Purulent sputum reflects neutrophilic airway inflammation

Pleuritic chest pain occurs due to pleural surface irritation

Dyspnea develops from impaired gas exchange

Fatigue and malaise due to cytokine-mediated systemic illness

⸻

Respiratory Symptoms

Cough — may be dry (atypical) or productive (typical bacterial)

Sputum production — yellow, green, or rust-colored

Shortness of breath on exertion or at rest

Chest discomfort worsened by deep inspiration

⸻

Systemic Symptoms

Fever with chills or rigors

Sweating and generalized weakness

Loss of appetite (anorexia)

Myalgia and headache

⸻

Atypical Presentation (Common in Elderly)

Confusion or altered mental status

Minimal fever or absent cough

General functional decline

⸻

Children

Poor feeding

Irritability

Tachypnea may be predominant symptom

Treatment is based on severity, probable organism, age, and comorbid conditions

General Principles

• Early empiric antibiotic therapy reduces mortality — start after clinical diagnosis (do not delay for reports).

• Severity assessment guides treatment site — outpatient vs inpatient vs ICU.

• Supportive care is equally important as antibiotics.

⸻

Outpatient Management (Mild CAP)

• Amoxicillin — first-line for typical bacterial CAP.

• Doxycycline — alternative covering atypical organisms.

• Macrolide (azithromycin/clarithromycin) — where pneumococcal resistance is low.

• Oral hydration and rest.

• Antipyretics (paracetamol).

• Follow-up within 48–72 hours.

⸻

Inpatient (Moderate CAP)

• β-lactam + macrolide combination

(e.g., ceftriaxone + azithromycin).

• Alternative: respiratory fluoroquinolone (levofloxacin/moxifloxacin).

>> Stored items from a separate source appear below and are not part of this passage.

lemma bilinear_matrix_entry:
  fixes M :: "real^'c^'n" and D :: "real^'n^'n" and N :: "real^'d^'n"
  shows "(transpose M ** D ** N) $ r $ k = inner (column r M) (D *v column k N)"
  by (simp add: matrix_matrix_mult_def matrix_vector_mult_def transpose_def column_def inner_vec_def
      sum_distrib_left sum_distrib_right mult_ac) (rule sum.swap)

lemma bilinear_vector_entry:
  fixes M :: "real^'c^'n" and D :: "real^'n^'n"
  shows "(transpose M *v (D *v v)) $ r = inner (column r M) (D *v v)"
  by (simp add: matrix_vector_mult_def transpose_def column_def inner_vec_def
      sum_distrib_left mult_ac)

section \<open>The smallest singular value\<close>

lemma symmetric_eigenvectors_orthogonal:
  fixes A :: "real^'n^'n"
  assumes "transpose A = A" and "A *v v = l *\<^sub>R v" and "A *v w = l' *\<^sub>R w" and "l \<noteq> l'"
  shows "inner v w = 0"
proof -
  have "l * inner v w = inner (A *v v) w"
    using assms(2) by simp
  also have "\<dots> = inner v (A *v w)"
    using assms(1) by (simp add: inner_matrix_vector_mult)
  also have "\<dots> = l' * inner v w"
    using assms(3) by simp
  finally show ?thesis
    using assms(4) by simp
qed

lemma symmetric_eigenvalues_finite:
  fixes A :: "real^'n^'n"
  assumes sym: "transpose A = A"
  shows "finite {l. \<exists>v. v \<noteq> 0 \<and> A *v v = l *\<^sub>R v}"
proof -
  define L where "L = {l. \<exists>v. v \<noteq> 0 \<and> A *v v = l *\<^sub>R v}"
  define ev where "ev l = (SOME v. v \<noteq> 0 \<and> A *v v = l *\<^sub>R v)" for l
  have ev: "ev l \<noteq> 0" "A *v ev l = l *\<^sub>R ev l" if "l \<in> L" for l
    using someI_ex[of "\<lambda>v. v \<noteq> 0 \<and> A *v v = l *\<^sub>R v"] that
    unfolding ev_def L_def by auto
  have orth: "inner (ev l) (ev l') = 0" if "l \<in> L" "l' \<in> L" "l \<noteq> l'" for l l'
    using symmetric_eigenvectors_orthogonal[OF sym ev(2) ev(2)] that by blast
  have "inj_on ev L"
    by (rule inj_onI) (metis orth ev(1) inner_eq_zero_iff)
  moreover have "pairwise orthogonal (ev ` L)"
    unfolding pairwise_def orthogonal_def using orth by fastforce
  moreover have "0 \<notin> ev ` L"
    using ev(1) by (metis imageE)
  ultimately have "finite (ev ` L)"
    using pairwise_orthogonal_independent independent_bound by blast
  then show ?thesis
    using \<open>inj_on ev L\<close> finite_imageD unfolding L_def by blast
qed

• Oxygen therapy if SpO₂ < 92%.

• IV fluids if dehydrated.

⸻

Severe / ICU CAP

• Broad-spectrum IV antibiotics immediately.

• β-lactam + macrolide or β-lactam + fluoroquinolone.

• Consider MRSA coverage (vancomycin/linezolid) if risk factors present.

• Consider antipseudomonal therapy in structural lung disease.

• Non-invasive or mechanical ventilation when required.

• Hemodynamic support for septic shock.

⸻

Supportive Management

• Oxygen supplementation — maintain adequate oxygenation.

• Bronchodilators if bronchospasm present.

• Chest physiotherapy and mobilization.

• Adequate nutrition and hydration.

• DVT prophylaxis in hospitalized patients.

⸻

Special Situations

• Aspiration pneumonia → add anaerobic coverage (amoxiclav, piperacillin-tazobactam).

• Immunocompromised patients → organism-directed therapy.

• Viral pneumonia → supportive ± antivirals (e.g., influenza).

⸻

Treatment Duration

• Usually 5–7 days if clinical improvement occurs.

• Longer duration for complications or resistant organisms.